The proof-of-concept report from Germany supports the value of bone marrow transplant for HIV disease. New developments in stem cell science open new avenues to solve the main barriers to this therapeutic approach.
First, the possibility of deriving patient-specific stem cells (see: Patient-specific stem cells) will eliminate wasting valuable bone marrow.
Second, the laboratory methods for developing bone marrow stem cells from patient-specific stem cells have greatly advanced in the past two years (4), thus eliminating the need for a good tissue match from a bone marrow bank.
Third, the laboratory methods for silencing genes in stem cells has also greatly advanced in the past two years(5).
Taken together, it is now possible to derive patient-specific stem cells from HIV-infected individuals, differentiate them into bone marrow stem cells, and knock-out the CCR5 protein, rendering them resistant to HIV infection. This source of cells would then be available for transplant into the HIV infected individual, who may or may not have to prepare by going through radiation and drug treatment for complete ablation of all HIV-infected cells. Because the new cells will not be susceptible to HIV infection, it may be possible that over time, they would simply replace the individual’s HIV infected cells.

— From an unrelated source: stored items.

lemma leader_creates_gap:
  assumes S: "finite S" and ab: "a \<le> b" and M: "M \<ge> 0" and sub: "sub_drift \<sigma> z S a b"
    and bound: "\<And>j s. s \<in> {a..b} \<Longrightarrow> z j s \<le> M"
    and arc: "\<And>r. r \<in> {a<..<b} \<Longrightarrow> (Inr l, Inl i) \<in> \<sigma> r"
  shows "z i b \<le> M - gap_leader (b - a) * M"
proof -
  have Kb: "K + blo > 0" using K_pos blo by simp
  define A where "A = K * M / (K + blo)"
  have A0: "A \<ge> 0" unfolding A_def using K_pos M Kb by simp
  have "\<forall>s\<in>{a..b}. z i s \<le> A + (M - A) * exp (- (K + blo) * (s - a))"
  proof (rule linear_comparison[OF S ab _ A0])
    show "0 \<le> K + blo" "0 \<le> A + (M - A)" using Kb M by simp_all
    show "continuous_on {a..b} (z i)" using sub unfolding sub_drift_def by blast
    show "z i a \<le> A + (M - A)" using bound[of a i] ab by simp
    fix r assume r: "r \<in> {a<..<b} - S"
    obtain d where d: "(z i has_real_derivative d) (at r)" "d \<le> drift \<sigma> \<alpha> \<beta> z i r"
      using sub_drift_deriv[OF sub r] .
    have "0 \<le> z i r \<Longrightarrow> drift \<sigma> \<alpha> \<beta> z i r \<le> K * (M - z i r) - blo * z i r"
      by (rule drift_le_leader) (use bound r arc in auto)
    moreover have "K * (M - z i r) - blo * z i r = (K + blo) * (A - z i r)"
      unfolding A_def using Kb by (simp add: field_simps)
    ultimately show "\<exists>d. (z i has_real_derivative d) (at r) \<and> (0 \<le> z i r \<longrightarrow> d \<le> (K + blo) * (A - z i r))"
      using d by (intro exI[of _ d]) auto
  qed
  then have "z i b \<le> A + (M - A) * exp (- (K + blo) * (b - a))" using ab by auto
  also have "\<dots> = M - gap_leader (b - a) * M"
  proof -
    define q where "q = exp (- (K + blo) * (b - a))"
    have "M - A = blo * M / (K + blo)" unfolding A_def using Kb by (simp add: field_simps)
    moreover have "A + (M - A) * q = M - (M - A) * (1 - q)" by (simp add: algebra_simps)
    ultimately have "A + (M - A) * q = M - blo / (K + blo) * (1 - q) * M" by simp
    then show ?thesis unfolding gap_leader_def q_def by simp
  qed
  finally show ?thesis .
qed

lemma follower_transmits_gap:
  assumes S: "finite S" and ab: "a \<le> b" and M: "M \<ge> 0" and sub: "sub_drift \<sigma> z S a b"
    and bound: "\<And>j s. s \<in> {a..b} \<Longrightarrow> z j s \<le> M"
    and arc: "\<And>r. r \<in> {a<..<b} \<Longrightarrow> (Inl k, Inl i) \<in> \<sigma> r \<and> z k r \<le> M - \<delta> * M"
    and \<delta>: "0 \<le> \<delta>" "\<delta> \<le> 1"
  shows "z i b \<le> M - \<delta> * gap_follower (b - a) * M"
proof -
  define A where "A = M - alo * (\<delta> * M) / K"
  have "alo * (\<delta> * M) \<le> K * M"
    using mult_mono[OF alo_le_K mult_left_le_one_le[OF M \<delta>]] K_pos alo M \<delta> by simp
  then have A0: "A \<ge> 0" unfolding A_def using K_pos by (simp add: field_simps)
  have "\<forall>s\<in>{a..b}. z i s \<le> A + (M - A) * exp (- K * (s - a))"
  proof (rule linear_comparison[OF S ab _ A0])
    show "0 \<le> K" "0 \<le> A + (M - A)" using K_pos M by simp_all
    show "continuous_on {a..b} (z i)" using sub unfolding sub_drift_def by blast
    show "z i a \<le> A + (M - A)" using bound[of a i] ab by simp
    fix r assume r: "r \<in> {a<..<b} - S"
    obtain d where d: "(z i has_real_derivative d) (at r)" "d \<le> drift \<sigma> \<alpha> \<beta> z i r"
      using sub_drift_deriv[OF sub r] .
    have "0 \<le> z i r \<Longrightarrow> drift \<sigma> \<alpha> \<beta> z i r \<le> K * (M - z i r) - alo * (\<delta> * M)"
      by (rule drift_le_follower[where k=k]) (use bound r arc \<delta> M in auto)
    moreover have "K * (M - z i r) - alo * (\<delta> * M) = K * (A - z i r)"
      unfolding A_def using K_pos by (simp add: field_simps)
    ultimately show "\<exists>d. (z i has_real_derivative d) (at r) \<and> (0 \<le> z i r \<longrightarrow> d \<le> K * (A - z i r))"
      using d by (intro exI[of _ d]) auto
  qed
  then have "z i b \<le> A + (M - A) * exp (- K * (b - a))" using ab by auto
  also have "\<dots> = M - \<delta> * gap_follower (b - a) * M"
  proof -
    define q where "q = exp (- K * (b - a))"
    have "M - A = alo * (\<delta> * M) / K" unfolding A_def by simp
    moreover have "A + (M - A) * q = M - (M - A) * (1 - q)" by (simp add: algebra_simps)
    ultimately have "A + (M - A) * q = M - \<delta> * (alo / K * (1 - q)) * M" by simp
    then show ?thesis unfolding gap_follower_def q_def by simp
  qed
  finally show ?thesis .
qed

end

definition fed_during :: "(real \<Rightarrow> ('n, 'k) digraph) \<Rightarrow> 'n set \<Rightarrow> 'n \<Rightarrow> real \<Rightarrow> real \<Rightarrow> bool" where
  "fed_during \<sigma> G i s \<tau> \<longleftrightarrow> (\<exists>l. \<forall>r\<in>{s<..<s+\<tau>}. (Inr l, Inl i) \<in> \<sigma> r) \<or>
     (\<exists>k\<in>G. \<forall>r\<in>{s<..<s+\<tau>}. (Inl k, Inl i) \<in> \<sigma> r)"

definition spreading :: "(real \<Rightarrow> ('n, 'k) digraph) \<Rightarrow> real \<Rightarrow> real \<Rightarrow> real \<Rightarrow> bool" where
  "spreading \<sigma> \<tau> W t0 \<longleftrightarrow> (\<forall>t\<ge>t0. \<forall>G. G \<noteq> UNIV \<longrightarrow>
     (\<exists>i. i \<notin> G \<and> (\<exists>s. t \<le> s \<and> s + \<tau> \<le> t + W \<and> fed_during \<sigma> G i s \<tau>)))"

lemma gap_weaken: "y \<le> x \<Longrightarrow> 0 \<le> (M::real) \<Longrightarrow> z \<le> M - x * M \<Longrightarrow> z \<le> M - y * M"
  using mult_right_mono[of y x M] by linarith

context weighted_drift
begin

lemma gap_on_window:
  assumes S: "finite S" and ab: "a \<le> b" "b - a \<le> W" and M: "M \<ge> 0" and sub: "sub_drift \<sigma> z S a b"
    and bound: "\<And>j s. s \<in> {a..b} \<Longrightarrow> z j s \<le> M"
    and start: "z g a \<le> M - q * M" and q: "0 \<le> q" "q \<le> 1" and s: "s \<in> {a..b}"
  shows "z g s \<le> M - q * exp (- K * W) * M"
proof -
  have "z g s \<le> M - q * M * exp (- K * (s - a))"
    using gap_persists[OF S ab(1) M sub bound start q] s by blast
  moreover have "exp (- K * W) \<le> exp (- K * (s - a))" using s ab K_pos by (simp add: mult_left_mono)
  then have "q * M * exp (- K * W) \<le> q * M * exp (- K * (s - a))" using q M by (intro mult_left_mono) auto
  ultimately show ?thesis by (simp add: algebra_simps)
qed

What is the timeline to develop patient-specific, CCR5 negative, bone marrow stem cells for HIV treatment?
The science of patient-specific stem cells is moving rapidly. By mid-2011, the best sources could be at hand. Within the same time frame, the most efficient laboratory methods for developing stem cells into bone marrow stem cells will also be identified. Hence, 2012 is a realistic time frame for the development of reliable methods to derive patient-specific bone marrow stem cells.

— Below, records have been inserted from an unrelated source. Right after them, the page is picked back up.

(* Let $Y$ be a (discrete) groupoid and $\Lambda\subseteq Y$ a subcategory with $Y^0\subseteq\Lambda$. For $t\in Y$, $W_t\in\mathcal W_0$ if and only if there is a finite set $F\subseteq\mathcal Z_\Lambda$ such that (1) for every $\zeta\in F$, $\varphi_\zeta(\beta)=t\beta$ for all $\beta\in A(\zeta)$; and (2) $\{\beta\in\Lambda: r(\beta)=s(t),\ t\beta\in\Lambda\}=\bigcup_{\zeta\in F}A(\zeta)$.
   Context: $\Lambda$ is a left cancellative small category (being a subcategory of a groupoid), composition $\alpha\beta$ defined when $s(\alpha)=r(\beta)$. On $\ell^2(\Lambda)$ with standard basis $\{e_\alpha\}$, for $t\in Y$ let $W_t e_\alpha=e_{t\alpha}$ if $s(t)=r(\alpha)$ and $t\alpha\in\Lambda$, and $W_te_\alpha=0$ otherwise (so $W_t=J^*L_tJ$ with $L$ the left regular representation of $Y$ and $J:\ell^2(\Lambda)\to\ell^2(Y)$ the inclusion). $\mathcal W_0$ is the C*-algebra generated by $\{W_\alpha:\alpha\in\Lambda\}$. For $\alpha\in\Lambda$, $\tau^\alpha(\beta)=\alpha\beta$ on $\{\beta\in\Lambda:r(\beta)=s(\alpha)\}$ and $\sigma^\alpha$ is its inverse on $\alpha\Lambda$. A zigzag is $\zeta=(\alpha_1,\beta_1,\dots,\alpha_n,\beta_n)$, $\alpha_i,\beta_i\in\Lambda$, with $r(\alpha_i)=r(\beta_i)$ and $s(\alpha_{i+1})=s(\beta_i)$; $\mathcal Z_\Lambda$ the set of zigzags; $\varphi_\zeta=\sigma^{\alpha_1}\circ\tau^{\beta_1}\circ\cdots\circ\sigma^{\alpha_n}\circ\tau^{\beta_n}$ (composition of partial maps) with domain $A(\zeta)$. *)

theory Defs
  imports "HOL-Analysis.Analysis"
begin

text \<open>A (discrete) groupoid on the set Y of arrows (in an ambient type 'a):
  range/source maps r, s, a total multiplication function m (only meaningful on
  composable pairs, i.e. s x = r y), and inversion i. The unit space is r ` Y.\<close>

definition groupoid ::
  "'a set \<Rightarrow> ('a \<Rightarrow> 'a) \<Rightarrow> ('a \<Rightarrow> 'a) \<Rightarrow> ('a \<Rightarrow> 'a \<Rightarrow> 'a) \<Rightarrow> ('a \<Rightarrow> 'a) \<Rightarrow> bool" where
  "groupoid Y r s m i \<longleftrightarrow>
     (\<forall>x\<in>Y. r x \<in> Y \<and> s x \<in> Y \<and> r (r x) = r x \<and> s (r x) = r x
            \<and> r (s x) = s x \<and> s (s x) = s x
            \<and> m (r x) x = x \<and> m x (s x) = x
            \<and> i x \<in> Y \<and> r (i x) = s x \<and> s (i x) = r x
            \<and> m x (i x) = r x \<and> m (i x) x = s x) \<and>
     (\<forall>x\<in>Y. \<forall>y\<in>Y. s x = r y \<longrightarrow> m x y \<in> Y \<and> r (m x y) = r x \<and> s (m x y) = s y) \<and>
     (\<forall>x\<in>Y. \<forall>y\<in>Y. \<forall>z\<in>Y. s x = r y \<longrightarrow> s y = r z \<longrightarrow> m (m x y) z = m x (m y z))"

definition subcategory ::
  "'a set \<Rightarrow> ('a \<Rightarrow> 'a) \<Rightarrow> ('a \<Rightarrow> 'a) \<Rightarrow> ('a \<Rightarrow> 'a \<Rightarrow> 'a) \<Rightarrow> 'a set \<Rightarrow> bool" where
  "subcategory Y r s m \<Lambda> \<longleftrightarrow> \<Lambda> \<subseteq> Y \<and>
     (\<forall>x\<in>\<Lambda>. r x \<in> \<Lambda> \<and> s x \<in> \<Lambda>) \<and>
     (\<forall>x\<in>\<Lambda>. \<forall>y\<in>\<Lambda>. s x = r y \<longrightarrow> m x y \<in> \<Lambda>)"

definition l2 :: "'a set \<Rightarrow> ('a \<Rightarrow> complex) set" where
  "l2 \<Lambda> = {f. (\<forall>x. x \<notin> \<Lambda> \<longrightarrow> f x = 0) \<and> (\<lambda>x. (cmod (f x))\<^sup>2) summable_on UNIV}"

definition l2inner :: "('a \<Rightarrow> complex) \<Rightarrow> ('a \<Rightarrow> complex) \<Rightarrow> complex" where
  "l2inner f g = (\<Sum>\<^sub>\<infinity>x. cnj (f x) * g x)"

definition l2norm :: "('a \<Rightarrow> complex) \<Rightarrow> real" where
  "l2norm f = sqrt (\<Sum>\<^sub>\<infinity>x. (cmod (f x))\<^sup>2)"

type_synonym 'a op = "('a \<Rightarrow> complex) \<Rightarrow> ('a \<Rightarrow> complex)"

text \<open>W_t = J^* L_t J: (W_t f)(g) = f(t^{-1} g) if g in Lambda, r g = r t and t^{-1} g in Lambda,
  and 0 otherwise; on basis vectors W_t e_a = e_{t a} if s t = r a and t a in Lambda, else 0.\<close>

definition Wop :: "('a \<Rightarrow> 'a) \<Rightarrow> ('a \<Rightarrow> 'a \<Rightarrow> 'a) \<Rightarrow> ('a \<Rightarrow> 'a) \<Rightarrow> 'a set \<Rightarrow> 'a \<Rightarrow> 'a op" where
  "Wop r m i \<Lambda> t f = (\<lambda>g. if g \<in> \<Lambda> \<and> r g = r t \<and> m (i t) g \<in> \<Lambda> then f (m (i t) g) else 0)"

text \<open>The C*-algebra generated by a set G of operators on l2(Lambda): the smallest set of
  operators containing G and closed under sums, scalar multiples, products, adjoints and
  operator-norm limits (operators being identified when they agree on l2(Lambda)).\<close>

inductive_set Cstar_gen :: "'a set \<Rightarrow> 'a op set \<Rightarrow> 'a op set" for \<Lambda> G where
  gen: "T \<in> G \<Longrightarrow> T \<in> Cstar_gen \<Lambda> G"
| add: "T \<in> Cstar_gen \<Lambda> G \<Longrightarrow> U \<in> Cstar_gen \<Lambda> G \<Longrightarrow> (\<lambda>f x. T f x + U f x) \<in> Cstar_gen \<Lambda> G"
| scale: "T \<in> Cstar_gen \<Lambda> G \<Longrightarrow> (\<lambda>f x. c * T f x) \<in> Cstar_gen \<Lambda> G"
| mult: "T \<in> Cstar_gen \<Lambda> G \<Longrightarrow> U \<in> Cstar_gen \<Lambda> G \<Longrightarrow> (\<lambda>f. T (U f)) \<in> Cstar_gen \<Lambda> G"
| adj: "T \<in> Cstar_gen \<Lambda> G \<Longrightarrow> (\<forall>g\<in>l2 \<Lambda>. T' g \<in> l2 \<Lambda>) \<Longrightarrow>
         (\<forall>f\<in>l2 \<Lambda>. \<forall>g\<in>l2 \<Lambda>. l2inner (T f) g = l2inner f (T' g)) \<Longrightarrow> T' \<in> Cstar_gen \<Lambda> G"
| lim: "(\<And>n::nat. Ts n \<in> Cstar_gen \<Lambda> G) \<Longrightarrow> (\<forall>f\<in>l2 \<Lambda>. T f \<in> l2 \<Lambda>) \<Longrightarrow>
         (\<forall>\<epsilon>>0. \<exists>N. \<forall>n\<ge>N. \<forall>f\<in>l2 \<Lambda>. l2norm (\<lambda>x. Ts n f x - T f x) \<le> \<epsilon> * l2norm f) \<Longrightarrow>
         T \<in> Cstar_gen \<Lambda> G"

definition W0 :: "('a \<Rightarrow> 'a) \<Rightarrow> ('a \<Rightarrow> 'a \<Rightarrow> 'a) \<Rightarrow> ('a \<Rightarrow> 'a) \<Rightarrow> 'a set \<Rightarrow> 'a op set" where
  "W0 r m i \<Lambda> = Cstar_gen \<Lambda> (Wop r m i \<Lambda> ` \<Lambda>)"

definition tau :: "('a \<Rightarrow> 'a) \<Rightarrow> ('a \<Rightarrow> 'a) \<Rightarrow> ('a \<Rightarrow> 'a \<Rightarrow> 'a) \<Rightarrow> 'a set \<Rightarrow> 'a \<Rightarrow> 'a \<Rightarrow> 'a option" where
  "tau r s m \<Lambda> b c = (if c \<in> \<Lambda> \<and> r c = s b then Some (m b c) else None)"

definition sigma :: "('a \<Rightarrow> 'a) \<Rightarrow> ('a \<Rightarrow> 'a) \<Rightarrow> ('a \<Rightarrow> 'a \<Rightarrow> 'a) \<Rightarrow> 'a set \<Rightarrow> 'a \<Rightarrow> 'a \<Rightarrow> 'a option" where
  "sigma r s m \<Lambda> a y = (if \<exists>c\<in>\<Lambda>. r c = s a \<and> m a c = y
      then Some (THE c. c \<in> \<Lambda> \<and> r c = s a \<and> m a c = y) else None)"

text \<open>A zigzag (a1,b1,...,an,bn), n >= 1, is the list [(a1,b1),...,(an,bn)].\<close>
definition zigzags :: "('a \<Rightarrow> 'a) \<Rightarrow> ('a \<Rightarrow> 'a) \<Rightarrow> 'a set \<Rightarrow> ('a \<times> 'a) list set" where
  "zigzags r s \<Lambda> = {z. z \<noteq> [] \<and> (\<forall>k<length z. fst (z!k) \<in> \<Lambda> \<and> snd (z!k) \<in> \<Lambda>
        \<and> r (fst (z!k)) = r (snd (z!k))
        \<and> (Suc k < length z \<longrightarrow> s (fst (z!Suc k)) = s (snd (z!k))))}"

text \<open>phi_z = sigma^{a1} o tau^{b1} o ... o sigma^{an} o tau^{bn} (partial maps).\<close>
fun zzmap :: "('a \<Rightarrow> 'a) \<Rightarrow> ('a \<Rightarrow> 'a) \<Rightarrow> ('a \<Rightarrow> 'a \<Rightarrow> 'a) \<Rightarrow> 'a set \<Rightarrow> ('a \<times> 'a) list \<Rightarrow> 'a \<Rightarrow> 'a option" where
  "zzmap r s m \<Lambda> [] x = Some x"
| "zzmap r s m \<Lambda> ((a, b) # z) x =
     Option.bind (zzmap r s m \<Lambda> z x) (\<lambda>y. Option.bind (tau r s m \<Lambda> b y) (sigma r s m \<Lambda> a))"

definition zzdom :: "('a \<Rightarrow> 'a) \<Rightarrow> ('a \<Rightarrow> 'a) \<Rightarrow> ('a \<Rightarrow> 'a \<Rightarrow> 'a) \<Rightarrow> 'a set \<Rightarrow> ('a \<times> 'a) list \<Rightarrow> 'a set" where
  "zzdom r s m \<Lambda> z = {x. zzmap r s m \<Lambda> z x \<noteq> None}"

end

theory Submission
  imports Defs
begin

text \<open>
  Write V_\<zeta> f = f \<circ> \<phi>_\<zeta> (zero off A(\<zeta>)) for the operator of a zigzag
  on l2(\<Lambda>). Every V_\<zeta> lies in W0, its adjoint is the operator of the reversed zigzag, and products
  concatenate zigzags; hence every operator of W0 is a norm limit of finite linear combinations
  of zigzag operators, because these limits contain the generators and are closed under the
  C*-operations.

  If W_t is such a limit, approximate it within 1/2 and evaluate at t\<beta> on the basis vector at
  \<beta>: some \<zeta> in the combination must satisfy \<phi>_\<zeta>(t\<beta>) = \<beta>. Since \<phi>_\<zeta> is always the
  restriction of a left translation of the groupoid, the reversed zigzags act as left
  multiplication by t on their whole domains, and they cover {\<beta>. t\<beta> \<in> \<Lambda>}.

  Conversely, for such a zigzag V_\<zeta>^* is W_t cut down to A(\<zeta>), and the cut-downs of W_t to
  finite unions of domains are obtained inside W0 by inclusion-exclusion.
\<close>

section \<open>The Hilbert space l2(\<Lambda>)\<close>

lemma l2D: "f \<in> l2 \<Lambda> \<Longrightarrow> (\<lambda>x. (cmod (f x))\<^sup>2) summable_on UNIV"
  "f \<in> l2 \<Lambda> \<Longrightarrow> x \<notin> \<Lambda> \<Longrightarrow> f x = 0"
  by (auto simp: l2_def)

lemma l2norm_nonneg: "l2norm f \<ge> 0"
  unfolding l2norm_def by (simp add: infsum_nonneg)

lemma l2norm_power2: "(l2norm f)\<^sup>2 = (\<Sum>\<^sub>\<infinity>x. (cmod (f x))\<^sup>2)"
  unfolding l2norm_def by (simp add: infsum_nonneg)

lemma sum_power2_le_l2norm:
  assumes "f \<in> l2 \<Lambda>" "finite F"
  shows "(\<Sum>x\<in>F. (cmod (f x))\<^sup>2) \<le> (l2norm f)\<^sup>2"
proof -
  have "(\<Sum>x\<in>F. (cmod (f x))\<^sup>2)
    = (\<Sum>\<^sub>\<infinity>x\<in>F. (cmod (f x))\<^sup>2)" using assms by simp
  also have "\<dots> \<le> (\<Sum>\<^sub>\<infinity>x. (cmod (f x))\<^sup>2)"
    by (rule infsum_mono_neutral) (use assms l2D in auto)
  finally show ?thesis by (simp add: l2norm_power2)
qed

Laboratory methods to knock-out the CCR5 protein may also take 2 to 3 years. Several approaches are currently under study(5).
Once the CCR5 negative, patient-specific bone marrow stem cells are at hand, possibly by 2013, they must be studied for safety and efficacy. This may be the longest phase of the work since it will be necessary to prove long-term survival and lack of negative side effects in an animal model. A conservative estimate for this phase is 3 to 5 years.

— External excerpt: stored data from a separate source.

text \<open>For \<open>W \<ge> 1\<close> the three lower-order terms of \<open>cubic_drift W\<close> add up to at most
  \<open>11 * moment_bound * W\<^sup>2\<close>; this is where the constant in \<open>radius\<close> comes from.\<close>

definition cubic_drift :: "real \<Rightarrow> real" where
  "cubic_drift W = - 2 * gap * W ^ 3 + 6 * moment_bound * W ^ 2 + 4 * moment_bound * W + moment_bound"

definition radius :: real where
  "radius = max r (11 * moment_bound / (2 * gap) + 1)"

lemma cubic_drift_nonpos:
  assumes "W \<ge> 11 * moment_bound / (2 * gap) + 1"
  shows "cubic_drift W \<le> 0"
proof -
  have W1: "W \<ge> 1"
    using assms moment_bound_nonneg gap_pos by (smt (verit) divide_nonneg_pos)
  have "11 * moment_bound \<le> 2 * gap * W"
    using assms gap_pos by (simp add: field_simps)
  then have "11 * moment_bound * W ^ 2 \<le> 2 * gap * W * W ^ 2"
    by (intro mult_right_mono) auto
  then have "11 * moment_bound * W ^ 2 \<le> 2 * gap * W ^ 3"
    by (simp add: power2_eq_square power3_eq_cube algebra_simps)
  moreover have "moment_bound * W \<le> moment_bound * W ^ 2"
    using W1 moment_bound_nonneg by (intro mult_left_mono) (simp_all add: power2_eq_square)
  moreover have "moment_bound \<le> moment_bound * W ^ 2"
    using mult_left_mono[OF one_le_power[OF W1, of 2] moment_bound_nonneg] by simp
  ultimately show ?thesis
    unfolding cubic_drift_def by linarith
qed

Hence, if funding is available, it will be known within 5 to 8 years if patient-specific, CCR5-negative, bone marrow stem cells are a useful tool in the fight against HIV disease.
Will the cost be too high?
Until the efficiencies with which patient-specific, CCR5-negative, bone marrow stem cells can be derived are known, it will not be possible to predict overall costs per treatment.
However, given the current cost of $25,000 to $50,000 per year per patient for monitoring and treating HIV disease in the U.S., it is highly likely that stem cell therapy may be substantially less costly.
Bedford Research scientists will begin the patient-specific Testis Stem Cell Project in 2010, as soon as funding is available.
Kiessling AA and Anderson SC 2007 Human Embryonic Stem Cells, Jones and Bartlett plublishers
Krishnan A,Zaia J, and Forman SJ 2003. Should HIV-positive patients with lymphoma be offered stem cell transplants? Bone Marrow Transplantation 32: 741-748
Hutter G, Nowak D, Mosner M, Ganepola S, Mubig A, Allers K, Schneider T, Hofmann J, Kucherer C, Blau O, Blau I, Hofmann W, Thiel E 2009. New England Journal of Medicine 360: 693-698.
Goodrich A, Ersek A, Varain N, Groza D, Cenariu M, Thain D, Almeida-Porada G, Porada C, Zanjani E 2010. In vivo generation of b-cell-like cells from CD34+ cells differentiated from human embryonic stem cells. Experimental Hematology 38: 516-525.
Shimizu S, Hong P, Arumugam B, Pokomo Ll, Boyer J, Koizumi N, Kittipongdaja P, Chen A, Bristol G, Ballic Z, Zack J, Yang O, Chen I, Lee B, An D 2010. A highly efficient short hairpin RNA potently down-regulates CCR5 expression in systemic lymphoid organs in the hu-BLT mouse model. Blood 115: 1534-1544.